Stored items:
lemma graph_dist_attained:
  assumes "finite V" "dpaths V E u v \<noteq> {}"
  obtains p where "p \<in> dpaths V E u v" "graph_dist V E w u v = ereal (path_len w p)"
proof -
  let ?A = "(\<lambda>p. ereal (path_len w p)) ` dpaths V E u v"
  have "Inf ?A \<in> ?A"
    using finite_dpaths[OF assms(1)] assms(2) by (simp add: cInf_eq_Min)
  then show ?thesis using that unfolding graph_dist_def by auto
qed

lemma graph_dist_edge_le:
  assumes "finite V" "\<forall>e\<in>E. 0 \<le> w e" "(a, b) \<in> E" "b \<in> V"
  shows "graph_dist V E w u b \<le> graph_dist V E w u a + ereal (w (a, b))"
proof (cases "dpaths V E u a = {}")
  case True
  then show ?thesis by (simp add: graph_dist_no_path)
next
  case False
  then obtain p where p: "p \<in> dpaths V E u a" and dist_a: "graph_dist V E w u a = ereal (path_len w p)"
    using graph_dist_attained[OF assms(1)] by blast
  have p_path: "is_dpath V E p" "hd p = u" "last p = a" "p \<noteq> []"
    using p by (auto simp: dpaths_def is_dpath_def)
  have "graph_dist V E w u b \<le> ereal (path_len w p + w (a, b))"
  proof (cases "b \<in> set p")
    case True
    then obtain n where n: "n < length p" "p ! n = b" by (auto simp: in_set_conv_nth)
    have "last (take (Suc n) p) = b"
      using n by (simp add: take_Suc_conv_app_nth)
    then have "take (Suc n) p \<in> dpaths V E u b"
      using is_dpath_take[OF p_path(1) n(1)] p_path by (simp add: dpaths_def hd_take)
    then have "graph_dist V E w u b \<le> ereal (path_len w (take (Suc n) p))"
      by (rule graph_dist_le_path_len)
    also have "\<dots> \<le> ereal (path_len w p + w (a, b))"
      using path_len_take_le[OF p_path(1) assms(2)] assms(2,3) by (simp add: add_increasing2)
    finally show ?thesis .
  next
    case False
    then have "p @ [b] \<in> dpaths V E u b"
      using is_dpath_snoc[OF p_path(1) assms(4)] assms(3) p_path by (simp add: dpaths_def)
    then have "graph_dist V E w u b \<le> ereal (path_len w (p @ [b]))"
      by (rule graph_dist_le_path_len)
    also have "path_len w (p @ [b]) = path_len w p + w (a, b)"
      using p_path by (simp add: path_len_def path_edges_snoc)
    finally show ?thesis .
  qed
  then show ?thesis using dist_a by simp
qed
definition defect :: "nat \<Rightarrow> bool list \<Rightarrow> bool list \<Rightarrow> nat \<Rightarrow> int set" where
  "defect N u x t = {i. (eca N ^^ t) (per u) i \<noteq> (eca N ^^ t) (per_patch u x) i}"

lemma per_patch_outside:
  assumes "j < 0 \<or> j \<ge> int (length x)"
  shows "per_patch u x j = per u j"
  using assms by (auto simp: per_patch_def)

lemma SInv_if_confined:
  assumes "\<And>t. defect N u x t \<subseteq> {a..b}"
  shows "SInv N u x"
  unfolding SInv_def
proof (intro exI allI)
  fix t
  show "{i. (eca N ^^ t) (per u) i \<noteq> (eca N ^^ t) (per_patch u x) i} \<subseteq> {a..<a + (b - a + 1)}"
    using assms[of t] by (auto simp: defect_def)
qed

lemma not_SInv_if_spreading:
  assumes "\<And>t. \<exists>d\<in>defect N u x t. \<exists>e\<in>defect N u x t. int t \<le> e - d + K"
  shows "\<not> SInv N u x"
proof
  assume "SInv N u x"
  then obtain w where w: "\<And>t. \<exists>a. defect N u x t \<subseteq> {a..<a + w}"
    unfolding SInv_def defect_def by blast
  define t where "t = nat (w + K)"
  obtain a where a: "defect N u x t \<subseteq> {a..<a + w}" using w by blast
  obtain d e where de: "d \<in> defect N u x t" "e \<in> defect N u x t" "int t \<le> e - d + K"
    using assms by blast
  then have "d \<in> {a..<a + w}" "e \<in> {a..<a + w}" using a by blast+
  moreover have "w + K \<le> int t" unfolding t_def by simp
  ultimately show False using de(3) by simp
qed

section \<open>Rule 29\<close>

lemma eca29: "eca 29 x i = (if x (i - 1) then \<not> x i \<and> \<not> x (i + 1) else x i \<or> \<not> x (i + 1))"
  by (cases "x (i - 1)"; cases "x i"; cases "x (i + 1)") (simp_all add: eca_def eca_local_def bit_0)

▶ [What to work on] Copy out each line of the records character for character.

▶ [Completed task]
lemma graph_dist_attained:
  assumes "finite V" "dpaths V E u v \<noteq> {}"
  obtains p where "p \<in> dpaths V E u v" "graph_dist V E w u v = ereal (path_len w p)"
proof -
  let ?A = "(\<lambda>p. ereal (path_len w p)) ` dpaths V E u v"
  have "Inf ?A \<in> ?A"
    using finite_dpaths[OF assms(1)] assms(2) by (simp add: cInf_eq_Min)
  then show ?thesis using that unfolding graph_dist_def by auto
qed

lemma graph_dist_edge_le:
  assumes "finite V" "\<forall>e\<in>E. 0 \<le> w e" "(a, b) \<in> E" "b \<in> V"
  shows "graph_dist V E w u b \<le> graph_dist V E w u a + ereal (w (a, b))"
proof (cases "dpaths V E u a = {}")
  case True
  then show ?thesis by (simp add: graph_dist_no_path)
next
  case False
  then obtain p where p: "p \<in> dpaths V E u a" and dist_a: "graph_dist V E w u a = ereal (path_len w p)"
    using graph_dist_attained[OF assms(1)] by blast
  have p_path: "is_dpath V E p" "hd p = u" "last p = a" "p \<noteq> []"
    using p by (auto simp: dpaths_def is_dpath_def)
  have "graph_dist V E w u b \<le> ereal (path_len w p + w (a, b))"
  proof (cases "b \<in> set p")
    case True
    then obtain n where n: "n < length p" "p ! n = b" by (auto simp: in_set_conv_nth)
    have "last (take (Suc n) p) = b"
      using n by (simp add: take_Suc_conv_app_nth)
    then have "take (Suc n) p \<in> dpaths V E u b"
      using is_dpath_take[OF p_path(1) n(1)] p_path by (simp add: dpaths_def hd_take)
    then have "graph_dist V E w u b \<le> ereal (path_len w (take (Suc n) p))"
      by (rule graph_dist_le_path_len)
    also have "\<dots> \<le> ereal (path_len w p + w (a, b))"
      using path_len_take_le[OF p_path(1) assms(2)] assms(2,3) by (simp add: add_increasing2)
    finally show ?thesis .
  next
    case False
    then have "p @ [b] \<in> dpaths V E u b"
      using is_dpath_snoc[OF p_path(1) assms(4)] assms(3) p_path by (simp add: dpaths_def)
    then have "graph_dist V E w u b \<le> ereal (path_len w (p @ [b]))"
      by (rule graph_dist_le_path_len)
    also have "path_len w (p @ [b]) = path_len w p + w (a, b)"
      using p_path by (simp add: path_len_def path_edges_snoc)
    finally show ?thesis .
  qed
  then show ?thesis using dist_a by simp
qed
definition defect :: "nat \<Rightarrow> bool list \<Rightarrow> bool list \<Rightarrow> nat \<Rightarrow> int set" where
  "defect N u x t = {i. (eca N ^^ t) (per u) i \<noteq> (eca N ^^ t) (per_patch u x) i}"

lemma per_patch_outside:
  assumes "j < 0 \<or> j \<ge> int (length x)"
  shows "per_patch u x j = per u j"
  using assms by (auto simp: per_patch_def)

lemma SInv_if_confined:
  assumes "\<And>t. defect N u x t \<subseteq> {a..b}"
  shows "SInv N u x"
  unfolding SInv_def
proof (intro exI allI)
  fix t
  show "{i. (eca N ^^ t) (per u) i \<noteq> (eca N ^^ t) (per_patch u x) i} \<subseteq> {a..<a + (b - a + 1)}"
    using assms[of t] by (auto simp: defect_def)
qed

lemma not_SInv_if_spreading:
  assumes "\<And>t. \<exists>d\<in>defect N u x t. \<exists>e\<in>defect N u x t. int t \<le> e - d + K"
  shows "\<not> SInv N u x"
proof
  assume "SInv N u x"
  then obtain w where w: "\<And>t. \<exists>a. defect N u x t \<subseteq> {a..<a + w}"
    unfolding SInv_def defect_def by blast
  define t where "t = nat (w + K)"
  obtain a where a: "defect N u x t \<subseteq> {a..<a + w}" using w by blast
  obtain d e where de: "d \<in> defect N u x t" "e \<in> defect N u x t" "int t \<le> e - d + K"
    using assms by blast
  then have "d \<in> {a..<a + w}" "e \<in> {a..<a + w}" using a by blast+
  moreover have "w + K \<le> int t" unfolding t_def by simp
  ultimately show False using de(3) by simp
qed

section \<open>Rule 29\<close>

lemma eca29: "eca 29 x i = (if x (i - 1) then \<not> x i \<and> \<not> x (i + 1) else x i \<or> \<not> x (i + 1))"
  by (cases "x (i - 1)"; cases "x i"; cases "x (i + 1)") (simp_all add: eca_def eca_local_def bit_0)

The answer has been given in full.